Dr Miller: CancerLinQ will continue to grow and develop in several ways in the coming years. We continue to onboard our signed practices and get them started on the basic quality improvement platform. We are looking to grow our overall base in the US and eventually internationally. As aforementioned, we are looking to deliver several specific tools related to clinical quality measures that can be used for Federal compliance reporting in the MIPS program and for ASCO’s QOPI Certification. Additionally, we intend on developing reports, dashboards, and other tools for improved user tracking of patients and real-time quality performance tracking. We are looking to develop a type of “app store” model where third-party developers can create specialized software applications that can run within the basic CancerLinQ platform. We will continue to deliver aggregated, de-identified “real-world evidence” datasets through our licensees Tempus and Concerto HealthAI for industry and life-sciences customers, as well as internally through ASCO for academic and community researchers who wish to use the CancerLinQ big data to answer specific queries.
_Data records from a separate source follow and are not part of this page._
(* Let $E$ be a countable Borel equivalence relation on a standard Borel space $X$ induced by a Borel action of a countable group $\Gamma$. If $\mathcal C_0,\mathcal C_1,\dots$ are countably many clubs of good Polish topologies on $X$, then $\bigcap_i\mathcal C_i$ is a club.
   Context: A Polish topology on $X$ is good if it generates the Borel structure of $X$ and makes the $\Gamma$-action continuous. A class $\mathcal C$ of good Polish topologies is a club if (cofinal) every good Polish topology is contained in some member of $\mathcal C$, and (closed) whenever $\tau_0\subseteq\tau_1\subseteq\cdots$ all lie in $\mathcal C$, the topology generated by $\bigcup_i\tau_i$ lies in $\mathcal C$. *)

theory Defs
  imports "HOL-Analysis.Analysis" "HOL-Algebra.Group_Action"
begin

definition Polish_top :: "'a topology \<Rightarrow> bool" where
  "Polish_top T \<longleftrightarrow> completely_metrizable_space T \<and> separable_space T"

definition borel_sets_of :: "'a topology \<Rightarrow> 'a set set" where
  "borel_sets_of T = sigma_sets (topspace T) {U. openin T U}"

definition standard_Borel :: "'a measure \<Rightarrow> bool" where
  "standard_Borel M \<longleftrightarrow> (\<exists>T. Polish_top T \<and> topspace T = space M \<and> borel_sets_of T = sets M)"

definition Borel_action :: "('g, 'b) monoid_scheme \<Rightarrow> 'a measure \<Rightarrow> ('g \<Rightarrow> 'a \<Rightarrow> 'a) \<Rightarrow> bool" where
  "Borel_action G M \<phi> \<longleftrightarrow> group_action G (space M) \<phi> \<and> (\<forall>g\<in>carrier G. \<phi> g \<in> M \<rightarrow>\<^sub>M M)"

definition good_top :: "('g, 'b) monoid_scheme \<Rightarrow> 'a measure \<Rightarrow> ('g \<Rightarrow> 'a \<Rightarrow> 'a) \<Rightarrow> 'a topology \<Rightarrow> bool" where
  "good_top G M \<phi> T \<longleftrightarrow> Polish_top T \<and> topspace T = space M \<and> borel_sets_of T = sets M
     \<and> (\<forall>g\<in>carrier G. continuous_map T T (\<phi> g))"

definition top_le :: "'a topology \<Rightarrow> 'a topology \<Rightarrow> bool" where
  "top_le T S \<longleftrightarrow> (\<forall>U. openin T U \<longrightarrow> openin S U)"

definition club :: "('g, 'b) monoid_scheme \<Rightarrow> 'a measure \<Rightarrow> ('g \<Rightarrow> 'a \<Rightarrow> 'a) \<Rightarrow> 'a topology set \<Rightarrow> bool" where
  "club G M \<phi> C \<longleftrightarrow>
     C \<subseteq> {T. good_top G M \<phi> T}
   \<and> (\<forall>T. good_top G M \<phi> T \<longrightarrow> (\<exists>S\<in>C. top_le T S))
   \<and> (\<forall>\<tau> :: nat \<Rightarrow> 'a topology. (\<forall>i. \<tau> i \<in> C) \<longrightarrow> (\<forall>i. top_le (\<tau> i) (\<tau> (Suc i))) \<longrightarrow>
        topology_generated_by (\<Union>i. {U. openin (\<tau> i) U}) \<in> C)"

end

theory Submission
  imports Defs
begin

text \<open>Starting above a good topology \<open>T\<close>, cofinality yields an increasing chain whose
  \<open>k\<close>-th member lies in \<open>C (fst (prod_decode k))\<close>. For each \<open>i\<close>, the members indexed by
  \<open>prod_encode (i, j)\<close> form a subchain in \<open>C i\<close> that is cofinal in the whole chain, so by
  closedness of \<open>C i\<close> the topology generated by the chain lies in every \<open>C i\<close>.\<close>

lemma top_le_refl: "top_le T T"
  unfolding top_le_def by blast

lemma top_le_trans: "top_le A B \<Longrightarrow> top_le B D \<Longrightarrow> top_le A D"
  unfolding top_le_def by blast

lemma top_le_topology_generated_by:
  assumes "{U. openin T U} \<subseteq> S"
  shows "top_le T (topology_generated_by S)"
  using assms unfolding top_le_def openin_topology_generated_by_iff
  by (blast intro: generate_topology_on.Basis)

lemma top_le_chain_mono:
  assumes chain: "\<And>i. top_le (\<tau> i) (\<tau> (Suc i))" and "m \<le> n"
  shows "top_le (\<tau> m) (\<tau> n)"
  using \<open>m \<le> n\<close>
proof (induction n rule: dec_induct)
  case base
  show ?case by (rule top_le_refl)
next
  case (step n)
  then show ?case using chain top_le_trans by blast
qed

lemma Union_opens_chain_subseq:
  assumes chain: "\<And>i. top_le (\<tau> i) (\<tau> (Suc i))" and s: "strict_mono (s :: nat \<Rightarrow> nat)"
  shows "(\<Union>j. {U. openin (\<tau> (s j)) U}) = (\<Union>k. {U. openin (\<tau> k) U})"
proof
  show "(\<Union>k. {U. openin (\<tau> k) U}) \<subseteq> (\<Union>j. {U. openin (\<tau> (s j)) U})"
  proof
    fix U assume "U \<in> (\<Union>k. {U. openin (\<tau> k) U})"
    then obtain k where k: "openin (\<tau> k) U" by blast
    have "top_le (\<tau> k) (\<tau> (s k))"
      using chain s by (rule top_le_chain_mono[OF _ strict_mono_imp_increasing])
    then show "U \<in> (\<Union>j. {U. openin (\<tau> (s j)) U})" using k unfolding top_le_def by blast
  qed
qed blast

lemma strict_mono_prod_encode: "strict_mono (\<lambda>j. prod_encode (i, j))"
  by (rule strict_monoI_Suc) (simp add: prod_encode_def)

lemma club_good: "club G M \<phi> C \<Longrightarrow> T \<in> C \<Longrightarrow> good_top G M \<phi> T"
  unfolding club_def by blast

lemma club_cofinal: "club G M \<phi> C \<Longrightarrow> good_top G M \<phi> T \<Longrightarrow> \<exists>S\<in>C. top_le T S"
  unfolding club_def by blast

lemma club_closed:
  "club G M \<phi> C \<Longrightarrow> (\<And>i. \<tau> i \<in> C) \<Longrightarrow> (\<And>i. top_le (\<tau> i) (\<tau> (Suc i))) \<Longrightarrow>
   topology_generated_by (\<Union>i. {U. openin (\<tau> i) U}) \<in> C"
  unfolding club_def by blast

lemma clubs_interleaved_chain:
  fixes C :: "nat \<Rightarrow> 'a topology set"
  assumes clubs: "\<And>i. club G M \<phi> (C i)" and T: "good_top G M \<phi> T"
  obtains \<tau> where "\<And>k. \<tau> k \<in> C (fst (prod_decode k))" "\<And>k. top_le T (\<tau> k)"
    and "\<And>k. top_le (\<tau> k) (\<tau> (Suc k))"
proof -
  have "\<exists>\<tau>. \<forall>k. (\<tau> k \<in> C (fst (prod_decode k)) \<and> top_le T (\<tau> k)) \<and> top_le (\<tau> k) (\<tau> (Suc k))"
  proof (rule dependent_nat_choice)
    show "\<exists>S. S \<in> C (fst (prod_decode 0)) \<and> top_le T S"
      using club_cofinal[OF clubs T] by blast
  next
    fix S k assume S: "S \<in> C (fst (prod_decode k)) \<and> top_le T S"
    then have "good_top G M \<phi> S" using club_good[OF clubs] by blast
    then obtain S' where "S' \<in> C (fst (prod_decode (Suc k)))" "top_le S S'"
      using club_cofinal[OF clubs] by blast
    then show "\<exists>S'. (S' \<in> C (fst (prod_decode (Suc k))) \<and> top_le T S') \<and> top_le S S'"
      using S top_le_trans by blast
  qed
  then show thesis using that by blast
qed

lemma club_Inter_cofinal:
  fixes C :: "nat \<Rightarrow> 'a topology set"
  assumes clubs: "\<And>i. club G M \<phi> (C i)" and T: "good_top G M \<phi> T"
  shows "\<exists>S\<in>(\<Inter>i. C i). top_le T S"
proof -
  obtain \<tau> where mem: "\<And>k. \<tau> k \<in> C (fst (prod_decode k))" and above: "\<And>k. top_le T (\<tau> k)"
    and chain: "\<And>k. top_le (\<tau> k) (\<tau> (Suc k))"
    using clubs_interleaved_chain[where C = C, OF clubs T] by blast
  define S where "S = topology_generated_by (\<Union>k. {U. openin (\<tau> k) U})"
  have "S \<in> C i" for i
  proof -
    let ?s = "\<lambda>j. prod_encode (i, j)"
    have sub_mem: "\<tau> (?s j) \<in> C i" for j
      using mem[of "?s j"] by simp
    have sub_chain: "top_le (\<tau> (?s j)) (\<tau> (?s (Suc j)))" for j
      by (rule top_le_chain_mono[of \<tau>, OF chain])
        (simp add: strict_mono_leD[OF strict_mono_prod_encode])
    have "topology_generated_by (\<Union>j. {U. openin (\<tau> (?s j)) U}) \<in> C i"
      by (rule club_closed[of G M \<phi> "C i" "\<lambda>j. \<tau> (?s j)", OF clubs sub_mem sub_chain])
    then show ?thesis
      unfolding S_def Union_opens_chain_subseq[of \<tau>, OF chain strict_mono_prod_encode] .
  qed
  moreover have "top_le T S"
    unfolding S_def
    by (rule top_le_trans[OF above[of 0] top_le_topology_generated_by]) blast
  ultimately show ?thesis by blast
qed

theorem lemma3p4:
  fixes G :: "('g, 'b) monoid_scheme" and M :: "'a measure" and \<phi> :: "'g \<Rightarrow> 'a \<Rightarrow> 'a"
    and C :: "nat \<Rightarrow> 'a topology set"
  assumes "group G" and "countable (carrier G)"
    and "standard_Borel M" and "Borel_action G M \<phi>"
    and "\<And>i. club G M \<phi> (C i)"
  shows "club G M \<phi> (\<Inter>i. C i)"
  unfolding club_def
proof (intro conjI allI impI)
  show "(\<Inter>i. C i) \<subseteq> {T. good_top G M \<phi> T}"
    using club_good[OF assms(5)[of 0]] by blast
next
  fix T assume "good_top G M \<phi> T"
  then show "\<exists>S\<in>(\<Inter>i. C i). top_le T S" by (rule club_Inter_cofinal[OF assms(5)])
next
  fix \<tau> :: "nat \<Rightarrow> 'a topology"
  assume "\<forall>i. \<tau> i \<in> (\<Inter>i. C i)" "\<forall>i. top_le (\<tau> i) (\<tau> (Suc i))"
  then show "topology_generated_by (\<Union>i. {U. openin (\<tau> i) U}) \<in> (\<Inter>i. C i)"
    using club_closed[OF assms(5)] by blast
qed

end
lemma card_nonzero_columns_vertex_families:
  fixes f :: "(real^'m^'n) \<times> (real^'n)"
  shows "f \<in> constant_vertices \<Longrightarrow> card (nonzero_columns (fst f)) = 0"
    and "f \<in> coordinate_vertices \<Longrightarrow> card (nonzero_columns (fst f)) = 1"
    and "f \<in> two_coordinate_vertices \<Longrightarrow> card (nonzero_columns (fst f)) = 2"
proof -
  show "f \<in> constant_vertices \<Longrightarrow> card (nonzero_columns (fst f)) = 0"
    by (auto simp: constant_vertices_def nonzero_columns_def column_def vec_eq_iff)
  show "f \<in> coordinate_vertices \<Longrightarrow> card (nonzero_columns (fst f)) = 1"
    by (auto simp: coordinate_vertices_def nonzero_columns_coordinate_map)
  assume "f \<in> two_coordinate_vertices"
  then obtain k l i j \<sigma> where "k \<noteq> l" "i \<noteq> j"
    and f: "f = two_coordinate_map k l (axis i \<sigma>) (axis j 1)"
    by (auto simp: two_coordinate_vertices_def)
  then have "nonzero_columns (fst f) = {k, l}"
    unfolding f by (intro nonzero_columns_two_coordinate_map axis_add_diff_axis_neq_0)
  with \<open>k \<noteq> l\<close> show "card (nonzero_columns (fst f)) = 2"
    by simp
qed

lemma vertex_families_disjoint:
  "constant_vertices \<inter> coordinate_vertices = {}"
  "(constant_vertices \<union> coordinate_vertices) \<inter> two_coordinate_vertices = {}"
  using card_nonzero_columns_vertex_families by fastforce+

theorem proposition7p1:
  assumes "CARD('m::finite) \<ge> 2" and "CARD('n::finite) \<ge> 2"
  shows "card (vert_poly (cube_poly :: (real ^ 'm) set) (cross_poly :: (real ^ 'n) set))
    \<ge> 2 * CARD('n) + 2 * CARD('m) * CARD('n) * (2 * CARD('n) - 1)
       + 2 * CARD('m) * CARD('n) * (CARD('m) - 1) * (CARD('n) - 1)"
proof -
  let ?C = "constant_vertices :: ((real^'m^'n) \<times> (real^'n)) set"
  let ?D = "coordinate_vertices :: ((real^'m^'n) \<times> (real^'n)) set"
  let ?T = "two_coordinate_vertices :: ((real^'m^'n) \<times> (real^'n)) set"
  have finite: "finite ?C" "finite ?D" "finite ?T"
    using finite_subset[OF vertex_families_subset_vert_poly finite_vert_poly_cube_cross] by auto
  have "2 * CARD('n) + 2 * CARD('m) * CARD('n) * (2 * CARD('n) - 1)
       + 2 * CARD('m) * CARD('n) * (CARD('m) - 1) * (CARD('n) - 1) = card ?C + card ?D + card ?T"
    by (simp add: card_constant_vertices card_coordinate_vertices card_two_coordinate_vertices
        ac_simps)
  also have "\<dots> = card (?C \<union> ?D) + card ?T"
    using card_Un_disjoint[OF finite(1,2) vertex_families_disjoint(1)] by simp
  also have "\<dots> = card (?C \<union> ?D \<union> ?T)"
    using card_Un_disjoint[OF _ finite(3) vertex_families_disjoint(2)] finite by simp
  also have "\<dots> \<le> card (vert_poly (cube_poly :: (real ^ 'm) set) (cross_poly :: (real ^ 'n) set))"
    by (intro card_mono finite_vert_poly_cube_cross vertex_families_subset_vert_poly)
  finally show ?thesis .
qed

end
The job of improving the basic CancerLinQ data quality never ends, and it is the joint responsibility of the CancerLinQ staff, our collaborators, and the participating practices. As noted, we will be working to develop a standard set of data elements to improve data capture from the EHR. We will be bringing in additional data sources such as tumor registry data and third-party obituary data to better characterize vital status. In addition, we are considering a number of potential solutions to bring in molecular data, especially somatic tumor genomics, that can be linked with phenotypic data to capture key precision medicine endpoints.
What is the outlook of CancerLinQ toward its collaborators and participating practices?
Dr Miller: CancerLinQ is rapidly evolving into the largest and most robust source of real-world evidence ever assembled in oncology for comparative effectiveness research and discovery. We expect that the data set will deliver multiple key insights into the many important clinical questions facing oncologists and patients today, and we look forward to presentations and publications with our many collaborators.
However, our first commitment remains to the practices that contribute data into the system. We have been gratified by the tremendous response of the oncology community, and honored by the trust of the nearly 100 institutions around the US that have agreed to be part of our network. To them, we look to continue to deliver real-time quality assessment and practice tools while optimizing the power of big data analytics as we build the rapid-learning health system in oncology.